Note also that while we have shown that several important mechano-transduction pathways are controlled by membrane potential, there are likely other parallel signal transduction routes that are affected by membrane potential. Calcium signaling would be an ideal effector of membranepotential-mediated mechano-transduction. This could occur either via voltage-gated channels in the plasma membrane or the strongly voltage-dependent equilibrium calcium concentration that results from the calcium ion’s two positive charges. Indeed, flux through key calcium channels like Piezo has been shown to strongly depend on membrane potential⁷⁹ and Piezo has been shown to be voltage-gated⁸⁰.
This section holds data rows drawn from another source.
lemma pair_sum_mset_eq:
  assumes "\<And>a b. g a b = g b a" and "mset xs = mset ys"
  shows "pair_sum g xs = pair_sum g ys"
proof -
  have sum_eq: "(\<Sum>u\<leftarrow>xs. f u) = (\<Sum>u\<leftarrow>ys. f u)" for f :: "int \<Rightarrow> int"
    by (metis assms(2) mset_map sum_mset_sum_list)
  have "2 * pair_sum g xs = 2 * pair_sum g ys"
    unfolding pair_sum_double[of g, OF assms(1)] sum_eq ..
  then show ?thesis by simp
qed

lemma length_adj_swap [simp]: "length (adj_swap i xs) = length xs"
  by (simp add: adj_swap_def)

lemma adj_swap_append: "adj_swap (length P) (P @ u # v # Q) = P @ v # u # Q"
  by (simp add: adj_swap_def list_update_append nth_append)

lemma split_at_adjacent:
  assumes "Suc i < length xs"
  obtains P u v Q where "xs = P @ u # v # Q" and "length P = i"
proof
  show "xs = take i xs @ xs ! i # xs ! Suc i # drop (Suc (Suc i)) xs"
    using assms by (simp add: Cons_nth_drop_Suc)
qed (use assms in simp)

definition inversions :: "int list \<Rightarrow> int" where
  "inversions = pair_sum (\<lambda>a b. of_bool (a < b))"

lemma inversions_nonneg: "inversions xs \<ge> 0"
  unfolding inversions_def by (rule pair_sum_nonneg) simp

lemma inversions_eq_0_iff: "inversions xs = 0 \<longleftrightarrow> sorted_wrt (\<ge>) xs"
proof (induction xs)
  case (Cons a xs)
  have "(\<Sum>y\<leftarrow>xs. of_bool (a < y) :: int) = 0 \<longleftrightarrow>
      (\<forall>v\<in>set (map (\<lambda>y. of_bool (a < y)) xs). v = (0::int))"
    by (rule sum_list_nonneg_eq_0_iff) auto
  also have "\<dots> \<longleftrightarrow> (\<forall>y\<in>set xs. y \<le> a)"
    by (auto simp: not_less)
  finally have "(\<Sum>y\<leftarrow>xs. of_bool (a < y) :: int) = 0 \<longleftrightarrow> (\<forall>y\<in>set xs. y \<le> a)" .
  moreover have "(\<Sum>y\<leftarrow>xs. of_bool (a < y) :: int) \<ge> 0"
    by (rule sum_list_nonneg) auto
  ultimately show ?case
    using Cons.IH inversions_nonneg[of xs] by (auto simp: inversions_def)
qed (simp add: inversions_def)

lemma inversions_adj_swap:
  assumes "Suc i < length xs"
  shows "inversions (adj_swap i xs) =
    inversions xs - of_bool (xs ! i < xs ! Suc i) + of_bool (xs ! Suc i < xs ! i)"
proof -
  obtain P u v Q where xs: "xs = P @ u # v # Q" and i: "length P = i"
    using split_at_adjacent[OF assms] .
  have "adj_swap i xs = P @ v # u # Q"
    unfolding xs i[symmetric] by (rule adj_swap_append)
  then show ?thesis
    using pair_sum_swap[of _ P u v Q] i by (simp add: inversions_def xs nth_append)
qed

lemma inversions_fold_adj_swap_ge:
  "\<forall>i\<in>set is. Suc i < length xs \<Longrightarrow>
    inversions (fold adj_swap is xs) \<ge> inversions xs - int (length is)"
proof (induction "is" arbitrary: xs)
  case (Cons i "is")
  have "inversions (adj_swap i xs) \<ge> inversions xs - 1"
    using Cons.prems by (simp add: inversions_adj_swap)
  moreover have
    "inversions (fold adj_swap is (adj_swap i xs)) \<ge> inversions (adj_swap i xs) - int (length is)"
    using Cons.prems by (intro Cons.IH) simp
  ultimately show ?case by simp
qed simp

lemma sorting_by_inversions_swaps:
  "\<exists>is. length is = nat (inversions xs) \<and> (\<forall>i\<in>set is. Suc i < length xs) \<and>
        sorted_wrt (\<ge>) (fold adj_swap is xs)"
proof (induction "nat (inversions xs)" arbitrary: xs)
  case 0
  then have "sorted_wrt (\<ge>) xs"
    using inversions_nonneg[of xs] inversions_eq_0_iff[of xs] by simp
  then show ?case using 0 by (intro exI[of _ "[]"]) simp
next
  case (Suc n)
  then have "inversions xs \<noteq> 0" by auto
  then have "\<not> sorted_wrt (\<ge>) xs" by (simp add: inversions_eq_0_iff)
  then obtain i where i: "Suc i < length xs" "xs ! i < xs ! Suc i"
    by (auto simp: sorted_wrt_iff_nth_Suc_transp transp_def not_le)
  then have "inversions (adj_swap i xs) = inversions xs - 1"
    by (simp add: inversions_adj_swap)
  then have n: "n = nat (inversions (adj_swap i xs))" using Suc.hyps(2) by simp
  from Suc.hyps(1)[OF n] obtain "is" where "length is = n" "\<forall>j\<in>set is. Suc j < length xs"
    "sorted_wrt (\<ge>) (fold adj_swap is (adj_swap i xs))"
    using n by auto
  then show ?case using i Suc.hyps(2) by (intro exI[of _ "i # is"]) auto
qed

lemma min_adj_swaps_eq_inversions: "int (min_adj_swaps xs) = inversions xs"
proof -
  have "min_adj_swaps xs = nat (inversions xs)"
    unfolding min_adj_swaps_def
  proof (rule Least_equality)
    fix n assume "\<exists>is. length is = n \<and> (\<forall>i\<in>set is. Suc i < length xs) \<and>
        sorted_wrt (\<ge>) (fold adj_swap is xs)"
    then obtain "is" where "length is = n" "\<forall>i\<in>set is. Suc i < length xs"
      "inversions (fold adj_swap is xs) = 0"
      by (auto simp: inversions_eq_0_iff)
    then show "nat (inversions xs) \<le> n"
      using inversions_fold_adj_swap_ge[of "is" xs] by simp
  qed (rule sorting_by_inversions_swaps)
  then show ?thesis using inversions_nonneg[of xs] by simp
qed

lemma weighted_sum_Cons:
  "(\<Sum>m = 1..Suc k. (a # ys) ! (m - 1) * int (Suc k - m)) =
    a * int k + (\<Sum>m = 1..k. ys ! (m - 1) * int (k - m))"
proof -
  have "(\<Sum>m = 1..Suc k. (a # ys) ! (m - 1) * int (Suc k - m)) =
      a * int k + (\<Sum>m = Suc 1..Suc k. (a # ys) ! (m - 1) * int (Suc k - m))"
    by (subst sum.atLeast_Suc_atMost) auto
  also have "(\<Sum>m = Suc 1..Suc k. (a # ys) ! (m - 1) * int (Suc k - m)) =
      (\<Sum>m = 1..k. ys ! (m - 1) * int (k - m))"
    by (subst sum.shift_bounds_cl_Suc_ivl) (rule sum.cong, auto simp: nth_Cons')
  finally show ?thesis .
qed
The concept of mechano-sensing via membrane potential should not be thought of as limited to epithelia. For instance, stem cell differentiation has been shown to depend on both cell volume and osmotic pressure^81,82, as well as membrane potential⁸³, suggesting a role of membrane-potential-mediated mechanical signaling. As another example, the response of membrane potential to cellular compression may play a role in neuronal mechano-transduction if mechanical forces were to affect total neuronal cell volume. The resulting changes in resting membrane potential could trigger voltage-gated channels and calcium siganling^79,80, independent of tension in the plasma membrane.

Finally, the importance of membrane potential in tissue growth control that we report, suggests that mis-regulation of membrane potential or its downstream signaling cascade could have dramatic consequences for tissue homeostasis, potentially resulting in tumorigenesis when cells stop responding to the mechanical cues from their environment. In fact, this may explain the frequent occurrence of ectopic expression of neuronal ion channels in tumors⁸⁴ and the commonly observed phenotype of depolarized resting membrane potential in cancer⁸⁵.